For the dessert, a couple of quite interesting and delicate dishes: cheesecake made of goat cheese (which, you may notice, is popular on the menu) and apple pie with vanilla ice cream and black cherries (both 18zł). The cheesecake came on a small base of shortbread, made of white chocolate and mascarpone, and was served with a a dollop of ice cream made of sun-dried tomatoes. A thin lattice of chocolate was perched on top of the construction. I appreciate a well-crafted dish, and this was one. A well-thought-out dessert, and the cheesecake itself was made delicious by the twist of using goat cheese. The ice cream, an interesting and unusual flavour, was also. The apple pie, perhaps more pastry than apple, was also a success, with small chunks of apple on a crispy, fresh biscuit-like base. Neither dish would win marks for generosity of portion, but again that goes with the territory.

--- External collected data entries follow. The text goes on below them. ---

(* Let $G$ be a $K_3$-free graph and let $P=X_PY_P$ and $Q=X_QY_Q$ be two bicliques of $G$ that are not mutually included and satisfy $X_P\cap X_Q\neq\emptyset$. Then there is a biclique $R=X_RY_R$ of $G$ with $X_R=X_P\cap X_Q$ and $Y_R\supseteq Y_P\cup Y_Q$.
   Context: All graphs are finite and simple. A biclique of a graph $G$ is a set $P\subseteq V(G)$ such that the induced subgraph $G[P]$ is a complete bipartite graph with both parts nonempty, and $P$ is inclusion-maximal with this property. Since $G[P]$ is connected, its bipartition into two nonempty independent sets $X,Y$ (every vertex of $X$ adjacent to every vertex of $Y$) is unique; we write $P=XY$ to mean $P=X\cup Y$ with $X,Y$ these two parts, called the sides of $P$. Two bicliques $P,Q$ of $G$ are mutually included if their sides can be named $P=X_PY_P$, $Q=X_QY_Q$ so that $X_Q\subsetneq X_P$ and $Y_P\subsetneq Y_Q$. *)

theory Defs
  imports Main
begin

definition simple_graph :: "'a set \<Rightarrow> ('a \<Rightarrow> 'a \<Rightarrow> bool) \<Rightarrow> bool" where
  "simple_graph V E \<longleftrightarrow> finite V \<and> (\<forall>x y. E x y \<longrightarrow> x \<in> V \<and> y \<in> V)
     \<and> (\<forall>x y. E x y \<longrightarrow> E y x) \<and> (\<forall>x. \<not> E x x)"

definition K3_free :: "'a set \<Rightarrow> ('a \<Rightarrow> 'a \<Rightarrow> bool) \<Rightarrow> bool" where
  "K3_free V E \<longleftrightarrow> \<not> (\<exists>x\<in>V. \<exists>y\<in>V. \<exists>z\<in>V. E x y \<and> E y z \<and> E x z)"

definition is_bipartition :: "('a \<Rightarrow> 'a \<Rightarrow> bool) \<Rightarrow> 'a set \<Rightarrow> 'a set \<Rightarrow> 'a set \<Rightarrow> bool" where
  "is_bipartition E P X Y \<longleftrightarrow> P = X \<union> Y \<and> X \<inter> Y = {} \<and> X \<noteq> {} \<and> Y \<noteq> {}
     \<and> (\<forall>x\<in>X. \<forall>x'\<in>X. \<not> E x x') \<and> (\<forall>y\<in>Y. \<forall>y'\<in>Y. \<not> E y y')
     \<and> (\<forall>x\<in>X. \<forall>y\<in>Y. E x y)"

definition complete_bipartite_set :: "('a \<Rightarrow> 'a \<Rightarrow> bool) \<Rightarrow> 'a set \<Rightarrow> bool" where
  "complete_bipartite_set E P \<longleftrightarrow> (\<exists>X Y. is_bipartition E P X Y)"

definition biclique :: "'a set \<Rightarrow> ('a \<Rightarrow> 'a \<Rightarrow> bool) \<Rightarrow> 'a set \<Rightarrow> bool" where
  "biclique V E P \<longleftrightarrow> P \<subseteq> V \<and> complete_bipartite_set E P
     \<and> (\<forall>P'. P \<subseteq> P' \<and> P' \<subseteq> V \<and> complete_bipartite_set E P' \<longrightarrow> P' = P)"

definition mutually_included :: "'a set \<Rightarrow> ('a \<Rightarrow> 'a \<Rightarrow> bool) \<Rightarrow> 'a set \<Rightarrow> 'a set \<Rightarrow> bool" where
  "mutually_included V E P Q \<longleftrightarrow> biclique V E P \<and> biclique V E Q \<and>
     (\<exists>XP YP XQ YQ. is_bipartition E P XP YP \<and> is_bipartition E Q XQ YQ
        \<and> XQ \<subset> XP \<and> YP \<subset> YQ)"

end

theory Submission
  imports Defs
begin

text \<open>In a triangle-free graph the common neighbourhood of a nonempty set is independent.
  For a biclique \<open>P = XY\<close>, every common neighbour \<open>z\<close> of \<open>Y\<close> could be added to \<open>X\<close>
  (a neighbour of \<open>z\<close> in \<open>X\<close> would close a triangle with any vertex of \<open>Y\<close>), so by
  maximality \<open>N(Y) = X\<close>. Hence with \<open>X\<^sub>R = X\<^sub>P \<inter> X\<^sub>Q\<close> and \<open>Y\<^sub>R = N(X\<^sub>R) \<supseteq> Y\<^sub>P \<union> Y\<^sub>Q\<close> we get
  \<open>N(Y\<^sub>R) \<subseteq> N(Y\<^sub>P) \<inter> N(Y\<^sub>Q) = X\<^sub>R\<close>, and a pair of sides that determine each other
  as common neighbourhoods spans a biclique.\<close>

definition common_nbhd :: "('a \<Rightarrow> 'a \<Rightarrow> bool) \<Rightarrow> 'a set \<Rightarrow> 'a set" where
  "common_nbhd E S = {z. \<forall>s\<in>S. E s z}"

definition independent :: "('a \<Rightarrow> 'a \<Rightarrow> bool) \<Rightarrow> 'a set \<Rightarrow> bool" where
  "independent E S \<longleftrightarrow> (\<forall>x\<in>S. \<forall>y\<in>S. \<not> E x y)"

lemma simple_graph_sym: "simple_graph V E \<Longrightarrow> E x y \<Longrightarrow> E y x"
  unfolding simple_graph_def by blast

lemma simple_graph_edge_in_V: "simple_graph V E \<Longrightarrow> E x y \<Longrightarrow> x \<in> V \<and> y \<in> V"
  unfolding simple_graph_def by blast

lemma is_bipartition_iff:
  "is_bipartition E P X Y \<longleftrightarrow> P = X \<union> Y \<and> X \<inter> Y = {} \<and> X \<noteq> {} \<and> Y \<noteq> {}
     \<and> independent E X \<and> independent E Y \<and> Y \<subseteq> common_nbhd E X"
  unfolding is_bipartition_def independent_def common_nbhd_def by blast

lemma is_bipartition_swap:
  assumes "simple_graph V E" "is_bipartition E P X Y"
  shows "is_bipartition E P Y X"
  using assms(2) simple_graph_sym[OF assms(1)]
  unfolding is_bipartition_def by (simp add: Un_commute Int_commute)

lemma biclique_subset: "biclique V E P \<Longrightarrow> P \<subseteq> V"
  unfolding biclique_def by blast

lemma independent_common_nbhd:
  assumes "simple_graph V E" "K3_free V E" "x \<in> S" "x \<in> V"
  shows "independent E (common_nbhd E S)"
  using assms simple_graph_edge_in_V[OF assms(1)]
  unfolding independent_def common_nbhd_def K3_free_def by blast

lemma biclique_common_nbhd_side:
  assumes g: "simple_graph V E" and k: "K3_free V E"
    and b: "biclique V E P" and bp: "is_bipartition E P X Y"
  shows "common_nbhd E Y \<subseteq> X"
proof
  fix z assume "z \<in> common_nbhd E Y"
  hence z: "\<forall>y\<in>Y. E y z" unfolding common_nbhd_def by blast
  from bp obtain y0 where y0: "y0 \<in> Y" unfolding is_bipartition_def by blast
  have zV: "z \<in> V" using simple_graph_edge_in_V[OF g] z y0 by blast
  have zY: "z \<notin> Y" using bp z g unfolding is_bipartition_def simple_graph_def by blast
  have PV: "P \<subseteq> V" using biclique_subset[OF b] .
  have "independent E (insert z X)"
    unfolding independent_def
  proof (intro ballI notI)
    fix x x' assume xx: "x \<in> insert z X" "x' \<in> insert z X" and e: "E x x'"
    \<comment> \<open>\<open>z\<close>, its neighbour in \<open>X\<close> and \<open>y0\<close> would form a triangle\<close>
    have "\<not> (x \<in> X \<and> x' \<in> X)" using e bp unfolding is_bipartition_def by blast
    with xx e g obtain a where a: "a \<in> X" "E a z"
      unfolding simple_graph_def by blast
    have "E a y0" "E y0 z" using a bp y0 z unfolding is_bipartition_def by auto
    moreover have "a \<in> V" "y0 \<in> V" using a y0 bp PV unfolding is_bipartition_def by auto
    ultimately show False using k a zV unfolding K3_free_def by blast
  qed
  hence "is_bipartition E (insert z P) (insert z X) Y"
    using bp zY z simple_graph_sym[OF g]
    unfolding is_bipartition_iff common_nbhd_def by auto
  hence "complete_bipartite_set E (insert z P)" unfolding complete_bipartite_set_def by blast
  with b PV zV have "insert z P = P" unfolding biclique_def by blast
  thus "z \<in> X" using bp zY unfolding is_bipartition_def by auto
qed

lemma bipartition_sides_contain:
  assumes bp: "is_bipartition E P' A B" and sub: "X \<union> Y \<subseteq> P'"
    and cross: "Y \<subseteq> common_nbhd E X" and x0: "x0 \<in> X" "x0 \<in> A" and y0: "y0 \<in> Y"
  shows "X \<subseteq> A" "Y \<subseteq> B"
proof -
  have split: "\<And>v. v \<in> P' \<Longrightarrow> v \<in> A \<or> v \<in> B" and indA: "independent E A"
    and indB: "independent E B"
    using bp unfolding is_bipartition_iff by auto
  show YB: "Y \<subseteq> B"
    using split indA x0 sub cross unfolding independent_def common_nbhd_def by blast
  show "X \<subseteq> A"
    using split indB y0 YB sub cross unfolding independent_def common_nbhd_def by blast
qed

lemma biclique_of_common_nbhd:
  assumes g: "simple_graph V E"
    and XV: "X \<subseteq> V" and Xne: "X \<noteq> {}" and indX: "independent E X"
    and Yne: "common_nbhd E X \<noteq> {}" and indY: "independent E (common_nbhd E X)"
    and closed: "common_nbhd E (common_nbhd E X) \<subseteq> X"
  shows "biclique V E (X \<union> common_nbhd E X)"
    and "is_bipartition E (X \<union> common_nbhd E X) X (common_nbhd E X)"
proof -
  define Y where "Y = common_nbhd E X"
  obtain x0 y0 where x0: "x0 \<in> X" and y0: "y0 \<in> Y" using Xne Yne Y_def by blast
  have disj: "X \<inter> Y = {}" using g unfolding Y_def common_nbhd_def simple_graph_def by blast
  show bipR: "is_bipartition E (X \<union> common_nbhd E X) X (common_nbhd E X)"
    using Xne Yne disj indX indY unfolding is_bipartition_iff Y_def by simp
  have YV: "Y \<subseteq> V"
    using x0 simple_graph_edge_in_V[OF g] unfolding Y_def common_nbhd_def by blast
  have maximal: "P' = X \<union> Y"
    if sub: "X \<union> Y \<subseteq> P'" and bp: "is_bipartition E P' A B" and a: "x0 \<in> A" for P' A B
  proof -
    have XA: "X \<subseteq> A" and YB: "Y \<subseteq> B"
      using bipartition_sides_contain[OF bp sub _ x0 a y0] Y_def by auto
    have "B \<subseteq> Y" using bp XA unfolding is_bipartition_iff Y_def common_nbhd_def by blast
    moreover have "A \<subseteq> common_nbhd E Y"
      using bp YB simple_graph_sym[OF g] unfolding is_bipartition_iff common_nbhd_def by blast
    ultimately show ?thesis
      using bp XA YB closed Y_def unfolding is_bipartition_def by blast
  qed
  have "X \<union> Y \<subseteq> P' \<Longrightarrow> complete_bipartite_set E P' \<Longrightarrow> P' = X \<union> Y" for P'
  proof -
    assume sub: "X \<union> Y \<subseteq> P'" and "complete_bipartite_set E P'"
    then obtain A B where bp: "is_bipartition E P' A B" unfolding complete_bipartite_set_def by blast
    have "x0 \<in> A \<or> x0 \<in> B" using bp sub x0 unfolding is_bipartition_def by blast
    thus "P' = X \<union> Y" using maximal[OF sub bp] maximal[OF sub is_bipartition_swap[OF g bp]] by blast
  qed
  with bipR XV YV show "biclique V E (X \<union> common_nbhd E X)"
    unfolding biclique_def complete_bipartite_set_def Y_def by blast
qed

theorem lemma1:
  fixes V :: "'a set" and E :: "'a \<Rightarrow> 'a \<Rightarrow> bool"
    and P Q XP YP XQ YQ :: "'a set"
  assumes "simple_graph V E"
    and "K3_free V E"
    and "biclique V E P" and "is_bipartition E P XP YP"
    and "biclique V E Q" and "is_bipartition E Q XQ YQ"
    and "\<not> mutually_included V E P Q"
    and "XP \<inter> XQ \<noteq> {}"
  shows "\<exists>R YR. biclique V E R \<and> is_bipartition E R (XP \<inter> XQ) YR \<and> YP \<union> YQ \<subseteq> YR"
proof -
  note g = assms(1) and k = assms(2) and bP = assms(3,4) and bQ = assms(5,6)
  define X where "X = XP \<inter> XQ"
  obtain x0 where x0: "x0 \<in> X" using assms(8) X_def by blast
  have XV: "X \<subseteq> V"
    using biclique_subset[OF assms(3)] bP(2) unfolding X_def is_bipartition_def by blast
  have indX: "independent E X" using bP(2) unfolding X_def is_bipartition_iff independent_def by blast
  have sub: "YP \<union> YQ \<subseteq> common_nbhd E X"
    using bP(2) bQ(2) unfolding X_def is_bipartition_def common_nbhd_def by blast
  have "YP \<noteq> {}" using bP(2) unfolding is_bipartition_def by blast
  hence Yne: "common_nbhd E X \<noteq> {}" using sub by blast
  have "common_nbhd E (common_nbhd E X) \<subseteq> common_nbhd E YP \<inter> common_nbhd E YQ"
    using sub unfolding common_nbhd_def by blast
  also have "\<dots> \<subseteq> X"
    using biclique_common_nbhd_side[OF g k bP] biclique_common_nbhd_side[OF g k bQ] X_def by blast
  finally have closed: "common_nbhd E (common_nbhd E X) \<subseteq> X" .
  note R = biclique_of_common_nbhd[OF g XV _ indX Yne
      independent_common_nbhd[OF g k x0 subsetD[OF XV x0]] closed]
  show ?thesis using R x0 sub unfolding X_def by blast
qed

end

A nice touch when we finished the meal was that the waitress poured us a home made nalewka (vodka-based liqueur) made of strawberries from a goose-shaped decanter, gratis. It was a tasty and smooth one and a good end to a satisfactory meal. I finished the meal with more or less the same opinion as I've always had about fine dining, especially in Krakow: that it is very hard to do, and even harder to convince people it's a good idea. Is this restaurant offering anything new?
Arguably not. Is it going to be able to compete with other high-end restaurants which are not encumbered by the ballast of an adjoining hotel? Hard to say. Kazimierz has become an extremely competitive part of town now, and maybe offers the best value to quality in the whole of Poland, not just in Krakow. Nevertheless, I am going to stick my neck out and give this restaurant the benefit of the doubt because the chef certainly knows what he is doing and the service is attentive – two of the most important aspects of whether a restaurant can stand the test of time. For now, it feels like a work in progress as it tries to find its niche in a competitive sector of the dining scene in Krakow.